The number of triples forming two XOR equal arrays
The problem this time feels a lot harder than last week, mainly because of bad math. After reading the solutions of others, without looking at the code, I immediately passed the code again. Record it now and remind yourself to study mathematics well in the future (don’t laugh at the boss).
First look at the title description:
给你一个整数数组 arr 。
现需要从数组中取三个下标 i、j 和 k ,其中 (0 <= i < j <= k < arr.length) 。
a 和 b 定义如下:
a = arr[i] ^ arr[i + 1] ^ ... ^ arr[j - 1]
b = arr[j] ^ arr[j + 1] ^ ... ^ arr[k]
注意:^ 表示 按位异或 操作。
请返回能够令 a == b 成立的三元组 (i, j , k) 的数目。
来源:力扣(LeetCode)
链接:https://leetcode-cn.com/problems/count-triplets-that-can-form-two-arrays-of-equal-xor
Example:
输入:arr = [2,3,1,6,7]
输出:4
解释:满足题意的三元组分别是 (0,1,2), (0,2,2), (2,3,4) 以及 (2,4,4)
The math is not good at first glance, it feels so difficult, because it is necessary to obtain the XOR value of all the elements in arr[i ~ j-1] and arr[j~k], and also perform the XOR value of the two parts.
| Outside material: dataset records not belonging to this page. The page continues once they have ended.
lemma convex_crit_diff_le_sum:
  assumes cvx: "convex_crit N Phi" and lin: "lin_differentiable N Phi"
    and x: "design N x" and y: "design N y"
    and Px: "Phi x = ereal P" and Py: "Phi y = ereal Q"
  shows "P - Q \<le> (\<Sum>i<N. (x i - y i) * real_of_ereal (dirderiv_pt Phi x i))"
proof -
  let ?f = "\<lambda>i. real_of_ereal (dirderiv_pt Phi x i)"
  have "(\<Sum>i<N. x i * ?f i) = 0"
    using dirderiv_self_eq_0[OF lin x Px] dirderiv_eq_sum[OF lin x _ x] Px
    by (simp add: zero_ereal_def)
  moreover have "(\<Sum>i<N. y i * ?f i) \<le> Q - P"
    using dirderiv_le_diff[OF cvx lin x y Px Py] dirderiv_eq_sum[OF lin x _ y] Px by simp
  ultimately show ?thesis
    by (simp add: left_diff_distrib sum_subtractf)
qed

lemma mult_sub_le_half_abs:
  fixes d f s e :: real
  assumes "(d \<le> 0 \<and> s - e/2 \<le> f) \<or> (0 \<le> d \<and> f \<le> s + e/2) \<or> \<bar>f - s\<bar> \<le> e/2"
  shows "d * (f - s) \<le> e/2 * \<bar>d\<bar>"
proof -
  consider "d \<le> 0" "s - e/2 \<le> f" | "0 \<le> d" "f \<le> s + e/2" | "\<bar>f - s\<bar> \<le> e/2"
    using assms by blast
  then show ?thesis
  proof cases
    case 1
    then show ?thesis
      using mult_left_mono_neg[of "-(e/2)" "f - s" d] by (simp add: algebra_simps)
  next
    case 2
    then show ?thesis
      using mult_left_mono[of "f - s" "e/2" d] by (simp add: algebra_simps)
  next
    case 3
    have "d * (f - s) \<le> \<bar>d\<bar> * \<bar>f - s\<bar>"
      by (metis abs_ge_self abs_mult)
    also have "\<dots> \<le> \<bar>d\<bar> * (e/2)"
      using 3 by (intro mult_left_mono) auto
    finally show ?thesis
      by (simp add: mult.commute)
  qed
qed

lemma sum_mult_le_of_near_level:
  fixes d f :: "'a \<Rightarrow> real"
  assumes "finite A" "sum d A = 0" "(\<Sum>i\<in>A. \<bar>d i\<bar>) \<le> 2" "0 \<le> e"
    and near: "\<And>i. i \<in> A \<Longrightarrow> d i * (f i - s) \<le> e/2 * \<bar>d i\<bar>"
  shows "(\<Sum>i\<in>A. d i * f i) \<le> e"
proof -
  have "(\<Sum>i\<in>A. d i * f i) = (\<Sum>i\<in>A. d i * (f i - s)) + s * sum d A"
    by (simp add: algebra_simps sum.distrib sum_distrib_left sum_subtractf)
  also have "\<dots> = (\<Sum>i\<in>A. d i * (f i - s))"
    using assms(2) by simp
  also have "\<dots> \<le> e/2 * (\<Sum>i\<in>A. \<bar>d i\<bar>)"
    unfolding sum_distrib_left by (rule sum_mono) (rule near)
  also have "\<dots> \<le> e"
    using assms(3,4) by (simp add: mult_left_mono)
  finally show ?thesis .
qed
(* Let $(X,\le)$ be a partially ordered set, and for $x\in X$ let $K_x=\{y\in X: y\le x\}$. Let $\tau_\le$ be the topology on $X$ generated by the sets $K_x$ and $X\setminus K_x$, $x\in X$. The following are equivalent: (i) $(X,\tau_\le)$ is compact; (ii) $(X,\le)$ satisfies the descending chain condition (every decreasing sequence $x_1\ge x_2\ge\dots$ is eventually constant), there is a finite $F\subset X$ with $X=\bigcup_{x\in F}K_x$, and for any $x,y\in X$ there is a finite $F(x,y)\subset X$ with $K_x\cap K_y=\bigcup_{z\in F(x,y)}K_z$. *)

theory Defs
  imports "HOL-Analysis.Analysis"
begin

definition downset :: "'a::order \<Rightarrow> 'a set" where
  "downset x = {y. y \<le> x}"

definition order_tau :: "'a::order topology" where
  "order_tau = topology_generated_by (range downset \<union> range (\<lambda>x. UNIV - downset x))"

definition dcc :: "'a::order itself \<Rightarrow> bool" where
  "dcc _ \<longleftrightarrow> (\<forall>f :: nat \<Rightarrow> 'a. (\<forall>n. f (Suc n) \<le> f n) \<longrightarrow> (\<exists>N. \<forall>n\<ge>N. f n = f N))"

end

theory Submission
  imports Defs
begin

text \<open>
  The sets \<open>K\<^sub>x\<close> are clopen. If \<open>\<tau>\<^sub>\<le>\<close> is compact, every closed down-set is compact and
  is covered by the open sets \<open>K\<^sub>y\<close> it contains, hence is a finite union of them; this gives
  the finite cover of \<open>X\<close> and the finiteness of \<open>K\<^sub>x \<inter> K\<^sub>y\<close>. For a decreasing sequence
  \<open>x\<^sub>n\<close>, the set \<open>L\<close> of its lower bounds is then open as well, so the closed sets
  \<open>K\<^bsub>x\<^sub>n\<^esub> - L\<close> form a decreasing sequence with empty intersection; one of them is empty,
  i.e. some \<open>x\<^sub>N\<close> is a lower bound of the sequence.

  Conversely, by Alexander's subbase theorem it suffices to extract finite subcovers from
  covers by sets \<open>K\<^sub>a\<close> and \<open>X - K\<^sub>b\<close>. By well-founded induction every \<open>K\<^sub>z\<close> is finitely
  covered: if \<open>z \<in> X - K\<^sub>b\<close>, then \<open>K\<^sub>z \<subseteq> (X - K\<^sub>b) \<union> (K\<^sub>z \<inter> K\<^sub>b)\<close>, and \<open>K\<^sub>z \<inter> K\<^sub>b\<close> is a
  finite union of sets \<open>K\<^sub>w\<close> with \<open>w < z\<close>.
\<close>

lemma topology_generated_by_eq_subbase:
  "topology_generated_by \<S> =
     topology (arbitrary union_of (finite intersection_of (\<lambda>S. S \<in> \<S>) relative_to \<Union>\<S>))"
proof (subst topology_eq, intro allI iffI)
  fix S
  assume "openin (topology_generated_by \<S>) S"
  then have "generate_topology_on \<S> S"
    by (rule openin_topology_generated_by)
  moreover have "(arbitrary union_of (finite intersection_of (\<lambda>S. S \<in> \<S>) relative_to \<Union>\<S>)) T"
    if "T \<in> \<S>" for T
    using that by (intro arbitrary_union_of_inc relative_to_subset_inc)
      (auto intro: finite_intersection_of_inc)
  ultimately show "openin (topology (arbitrary union_of
      (finite intersection_of (\<lambda>S. S \<in> \<S>) relative_to \<Union>\<S>))) S"
    unfolding openin_subbase
    by (rule generate_topology_on_coarsest[OF istopology_subbase, rotated])
next
  fix S
  assume S: "openin (topology (arbitrary union_of
      (finite intersection_of (\<lambda>S. S \<in> \<S>) relative_to \<Union>\<S>))) S"
  have Basis: "\<And>T. T \<in> \<S> \<Longrightarrow> openin (topology_generated_by \<S>) T"
    by (rule topology_generated_by_Basis)
  have U: "openin (topology_generated_by \<S>) (\<Union>\<S>)"
    using openin_topspace[of "topology_generated_by \<S>"] by simp
  show "openin (topology_generated_by \<S>) S"
    by (rule minimal_topology_subbase[OF Basis U S])
qed

lemma compact_space_topology_generated_by:
  assumes "\<And>\<C>. \<C> \<subseteq> \<S> \<Longrightarrow> \<Union>\<C> = \<Union>\<S> \<Longrightarrow> \<exists>\<C>'. finite \<C>' \<and> \<C>' \<subseteq> \<C> \<and> \<Union>\<C>' = \<Union>\<S>"
  shows "compact_space (topology_generated_by \<S>)"
  by (rule Alexander_subbase[OF topology_generated_by_eq_subbase[symmetric]])
    (use assms in simp)

lemma mem_downset_iff [simp]: "y \<in> downset x \<longleftrightarrow> y \<le> x"
  by (simp add: downset_def)

lemma topspace_order_tau [simp]: "topspace order_tau = UNIV"
  unfolding order_tau_def topology_generated_by_topspace by auto

lemma openin_order_tau_downset: "openin order_tau (downset x)"
  unfolding order_tau_def by (rule topology_generated_by_Basis) auto

lemma closedin_order_tau_downset: "closedin order_tau (downset x)"
proof -
  have "openin order_tau (UNIV - downset x)"
    unfolding order_tau_def by (rule topology_generated_by_Basis) auto
  then show ?thesis
    by (simp add: closedin_def)
qed

lemma dcc_imp_wf:
  assumes "dcc TYPE('a::order)"
  shows "wf {(x, y :: 'a). x < y}"
proof (rule ccontr)
  assume "\<not> wf {(x, y :: 'a). x < y}"
  then have "\<exists>f. \<forall>n. (f (Suc n), f n) \<in> {(x, y :: 'a). x < y}"
    by (simp only: wf_iff_no_infinite_down_chain not_not)
  then obtain f :: "nat \<Rightarrow> 'a" where f: "\<And>n. f (Suc n) < f n"
    by blast
  then have "\<And>n. f (Suc n) \<le> f n"
    by (simp add: less_imp_le)
  then have "\<exists>N. \<forall>n\<ge>N. f n = f N"
    by (rule assms[unfolded dcc_def, rule_format])
  then obtain N where "\<forall>n\<ge>N. f n = f N" ..
  then have "N \<le> Suc N \<longrightarrow> f (Suc N) = f N"
    by (rule spec)
  then have "f (Suc N) = f N"
    by simp
  with f[of N] show False
    by simp
qed

lemma downset_finite_subcover:
  fixes \<C> :: "'a::order set set"
  assumes wf: "wf {(x, y :: 'a). x < y}"
    and meet: "\<And>x y :: 'a. \<exists>F. finite F \<and> downset x \<inter> downset y = (\<Union>w\<in>F. downset w)"
    and \<C>: "\<C> \<subseteq> range downset \<union> range (\<lambda>b. UNIV - downset b)" "\<Union>\<C> = UNIV"
  shows "\<exists>\<C>'. finite \<C>' \<and> \<C>' \<subseteq> \<C> \<and> downset z \<subseteq> \<Union>\<C>'"
  using wf
proof (induction z rule: wf_induct_rule)
  case (less z)
  have "z \<in> \<Union>\<C>"
    using \<C>(2) by simp
  then obtain c where c: "c \<in> \<C>" "z \<in> c"
    by blast
  with \<C>(1) consider a where "c = downset a" | b where "c = UNIV - downset b"
    by blast
  then show ?case
  proof cases
    case (1 a)
    then have "downset z \<subseteq> c"
      using c(2) by (auto intro: order_trans)
    with c(1) show ?thesis
      by (intro exI[of _ "{c}"]) auto
  next
    case (2 b)
    obtain F where F: "finite F" "downset z \<inter> downset b = (\<Union>w\<in>F. downset w)"
      using meet by blast
    have "w < z" if "w \<in> F" for w
    proof -
      have "w \<in> downset z \<inter> downset b"
        unfolding F(2) using that by auto
      moreover have "\<not> z \<le> b"
        using c(2) 2 by simp
      ultimately show ?thesis
        by (auto simp: order.strict_iff_order)
    qed
    then have "\<forall>w\<in>F. \<exists>\<C>'. finite \<C>' \<and> \<C>' \<subseteq> \<C> \<and> downset w \<subseteq> \<Union>\<C>'"
      using less.IH by simp
    then obtain \<G> where \<G>: "\<forall>w\<in>F. finite (\<G> w) \<and> \<G> w \<subseteq> \<C> \<and> downset w \<subseteq> \<Union>(\<G> w)"
      by (rule bchoice[THEN exE])
    have "downset z \<subseteq> c \<union> (downset z \<inter> downset b)"
      using 2 by blast
    also have "\<dots> \<subseteq> c \<union> (\<Union>w\<in>F. \<Union>(\<G> w))"
      unfolding F(2) using \<G> by (intro Un_mono UN_mono) auto
    finally have "downset z \<subseteq> \<Union>(insert c (\<Union>w\<in>F. \<G> w))"
      by auto
    moreover have "finite (insert c (\<Union>w\<in>F. \<G> w))" "insert c (\<Union>w\<in>F. \<G> w) \<subseteq> \<C>"
      using F(1) \<G> c(1) by auto
    ultimately show ?thesis
      by blast
  qed
qed

lemma compact_space_order_tauI:
  assumes dcc: "dcc TYPE('a::order)"
    and cover: "\<exists>F :: 'a set. finite F \<and> UNIV = (\<Union>x\<in>F. downset x)"
    and meet: "\<And>x y :: 'a. \<exists>F. finite F \<and> downset x \<inter> downset y = (\<Union>w\<in>F. downset w)"
  shows "compact_space (order_tau :: 'a topology)"
  unfolding order_tau_def
proof (rule compact_space_topology_generated_by)
  have subbase_UNIV: "\<Union>(range downset \<union> range (\<lambda>b. UNIV - downset b)) = (UNIV :: 'a set)"
    by auto
  fix \<C> :: "'a set set"
  assume \<C>: "\<C> \<subseteq> range downset \<union> range (\<lambda>b. UNIV - downset b)"
    "\<Union>\<C> = \<Union>(range downset \<union> range (\<lambda>b. UNIV - downset b))"
  from cover obtain F :: "'a set" where "finite F \<and> UNIV = (\<Union>x\<in>F. downset x)" ..
  then have F: "finite F" "(\<Union>x\<in>F. downset x) = UNIV"
    by simp_all
  have "\<Union>\<C> = UNIV"
    using \<C>(2) subbase_UNIV by simp
  then have "\<forall>x. \<exists>\<C>'. finite \<C>' \<and> \<C>' \<subseteq> \<C> \<and> downset x \<subseteq> \<Union>\<C>'"
    using downset_finite_subcover[OF dcc_imp_wf[OF dcc] meet \<C>(1)] by blast
  then obtain \<G> where \<G>: "\<And>x. finite (\<G> x)" "\<And>x. \<G> x \<subseteq> \<C>" "\<And>x. downset x \<subseteq> \<Union>(\<G> x)"
    by metis
  have "finite (\<Union>x\<in>F. \<G> x)" "(\<Union>x\<in>F. \<G> x) \<subseteq> \<C>"
    using F(1) \<G>(1,2) by auto
  moreover have "(\<Union>x\<in>F. downset x) \<subseteq> (\<Union>x\<in>F. \<Union>(\<G> x))"
    using \<G>(3) by (intro UN_mono) auto
  then have "\<Union>(\<Union>x\<in>F. \<G> x) = UNIV"
    unfolding F(2) by blast
  ultimately show "\<exists>\<C>'. finite \<C>' \<and> \<C>' \<subseteq> \<C> \<and> \<Union>\<C>' = \<Union>(range downset \<union> range (\<lambda>b. UNIV - downset b))"
    unfolding subbase_UNIV by blast
qed

lemma closedin_down_closed_eq_finite_Union:
  fixes S :: "'a::order set"
  assumes "compact_space (order_tau :: 'a::order topology)" "closedin order_tau S"
    and down: "\<And>x y. x \<in> S \<Longrightarrow> y \<le> x \<Longrightarrow> y \<in> S"
  shows "\<exists>F \<subseteq> S. finite F \<and> S = (\<Union>x\<in>F. downset x)"
proof -
  have "compactin order_tau S"
    using assms(1,2) by (rule closedin_compact_space)
  moreover have "\<forall>U \<in> downset ` S. openin order_tau U" "S \<subseteq> \<Union>(downset ` S)"
    by (auto simp: openin_order_tau_downset)
  ultimately obtain \<F> where \<F>: "finite \<F>" "\<F> \<subseteq> downset ` S" "S \<subseteq> \<Union>\<F>"
    unfolding compactin_def by blast
  obtain F where F: "F \<subseteq> S" "finite F" "\<F> = downset ` F"
    using finite_subset_image[OF \<F>(1,2)] by blast
  have "S \<subseteq> (\<Union>x\<in>F. downset x)"
    using \<F>(3) F(3) by simp
  moreover have "(\<Union>x\<in>F. downset x) \<subseteq> S"
    using F(1) down by auto
  ultimately show ?thesis
    using F(1,2) by blast
qed

lemma compact_order_tau_imp_cover:
  assumes "compact_space (order_tau :: 'a::order topology)"
  shows "\<exists>F :: 'a set. finite F \<and> UNIV = (\<Union>x\<in>F. downset x)"
  using closedin_down_closed_eq_finite_Union[OF assms closedin_topspace[of order_tau, unfolded topspace_order_tau]]
  by blast

lemma compact_order_tau_imp_meet:
  assumes "compact_space (order_tau :: 'a::order topology)"
  shows "\<exists>F. finite F \<and> downset x \<inter> downset y = (\<Union>z\<in>F. downset (z :: 'a))"
proof -
  have "closedin order_tau (downset x \<inter> downset y)"
    by (simp add: closedin_Int closedin_order_tau_downset)
  moreover have "v \<in> downset x \<inter> downset y" if "w \<in> downset x \<inter> downset y" "v \<le> w" for v w
    using that by (auto intro: order_trans)
  ultimately have "\<exists>F \<subseteq> downset x \<inter> downset y. finite F \<and> downset x \<inter> downset y = (\<Union>z\<in>F. downset z)"
    by (rule closedin_down_closed_eq_finite_Union[OF assms])
  then show ?thesis
    by blast
qed

lemma compact_order_tau_imp_dcc:
  assumes compact: "compact_space (order_tau :: 'a::order topology)"
  shows "dcc TYPE('a)"
  unfolding dcc_def
proof (intro allI impI)
  fix f :: "nat \<Rightarrow> 'a"
  assume "\<forall>n. f (Suc n) \<le> f n"
  then have dec: "f (Suc n) \<le> f n" for n
    by simp
  define L where "L = (\<Inter>n. downset (f n))"
  have "closedin order_tau L"
    unfolding L_def by (auto intro: closedin_order_tau_downset)
  moreover have "v \<in> L" if "w \<in> L" "v \<le> w" for v w
    using that unfolding L_def by (auto intro: order_trans)
  ultimately have "\<exists>F \<subseteq> L. finite F \<and> L = (\<Union>x\<in>F. downset x)"
    by (rule closedin_down_closed_eq_finite_Union[OF compact])
  then have "openin order_tau L"
    by (auto intro: openin_order_tau_downset)
  then have "closedin order_tau (downset (f n) - L)" for n
    by (simp add: closedin_diff closedin_order_tau_downset)
  moreover have "decseq (\<lambda>n. downset (f n) - L)"
    by (intro decseq_SucI) (auto intro: order_trans[OF _ dec])
  moreover have "(\<Inter>n. downset (f n) - L) = {}"
    unfolding L_def by blast
  ultimately have "\<not> (\<forall>n. downset (f n) - L \<noteq> {})"
    using compact_space_imp_nest[OF compact, of "\<lambda>n. downset (f n) - L"] by blast
  then obtain N where "downset (f N) - L = {}"
    by blast
  then have "f N \<in> L"
    by auto
  show "\<exists>N. \<forall>n\<ge>N. f n = f N"
  proof (intro exI allI impI)
    fix n
    assume "N \<le> n"
    have "decseq f"
      using dec by (simp add: decseq_Suc_iff)
    then have "f n \<le> f N"
      using \<open>N \<le> n\<close> by (rule decseqD)
    moreover have "f N \<le> f n"
      using \<open>f N \<in> L\<close> by (simp add: L_def)
    ultimately show "f n = f N"
      by (rule antisym)
  qed
qed

theorem proposition3p12:
  "compact_space (order_tau :: 'a::order topology) \<longleftrightarrow>
     (dcc TYPE('a) \<and>
      (\<exists>F :: 'a set. finite F \<and> UNIV = (\<Union>x\<in>F. downset x)) \<and>
      (\<forall>x y :: 'a. \<exists>F. finite F \<and> downset x \<inter> downset y = (\<Union>z\<in>F. downset z)))"
proof
  assume "compact_space (order_tau :: 'a topology)"
  then show "dcc TYPE('a) \<and>
      (\<exists>F :: 'a set. finite F \<and> UNIV = (\<Union>x\<in>F. downset x)) \<and>
      (\<forall>x y :: 'a. \<exists>F. finite F \<and> downset x \<inter> downset y = (\<Union>z\<in>F. downset z))"
    by (intro conjI allI compact_order_tau_imp_dcc compact_order_tau_imp_cover
        compact_order_tau_imp_meet)
next
  assume "dcc TYPE('a) \<and>
      (\<exists>F :: 'a set. finite F \<and> UNIV = (\<Union>x\<in>F. downset x)) \<and>
      (\<forall>x y :: 'a. \<exists>F. finite F \<and> downset x \<inter> downset y = (\<Union>z\<in>F. downset z))"
  then show "compact_space (order_tau :: 'a topology)"
    by (elim conjE) (rule compact_space_order_tauI; blast)
qed

end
By contrast, I felt my head exploded at first glance (I don’t know others, I exploded anyway)
Let's look at the following theorem and our understanding of the topic:
(1) The inverse proposition of a == b is a ^ b == 0;
(2) a == b is introduced: a ^ b == 0; arr[i]^arr[i+1]… ^arr[j-1] ^arr[j]… ^ arr[k] == 0;
The essence is here (the third point has nothing to do with XOR, it is purely to test the understanding of the topic):
(3) When arr[i]^…arr[k] = 0, i, k, this At the beginning and end of the triple, each position of j is an answer.
Because 0 <= i <j <= k, there are always ki positions of j, that is, a triple of k-i.
As long as you understand the above three sentences, you will understand the idea of the ontology.
The following is the code implemented in C++.
int countTriplets(vector<int>& arr) {
if (arr.size() < 2)
return 0;
int count2 = 0;
int temp;
for (int i = 0; i < arr.size(); i++) {
temp = arr[i]; //以 arr[i] 为开头
for (int j = i + 1; j < arr.size(); j++) {
temp ^= arr[j];
if (temp == 0) {
//arr[i~j]的异或结果等于0,那么共有 j-i种结果
count2 += j - i;
}
}
}
return count2;
}
That's it. If you are interested and want to communicate, you can leave a message to me.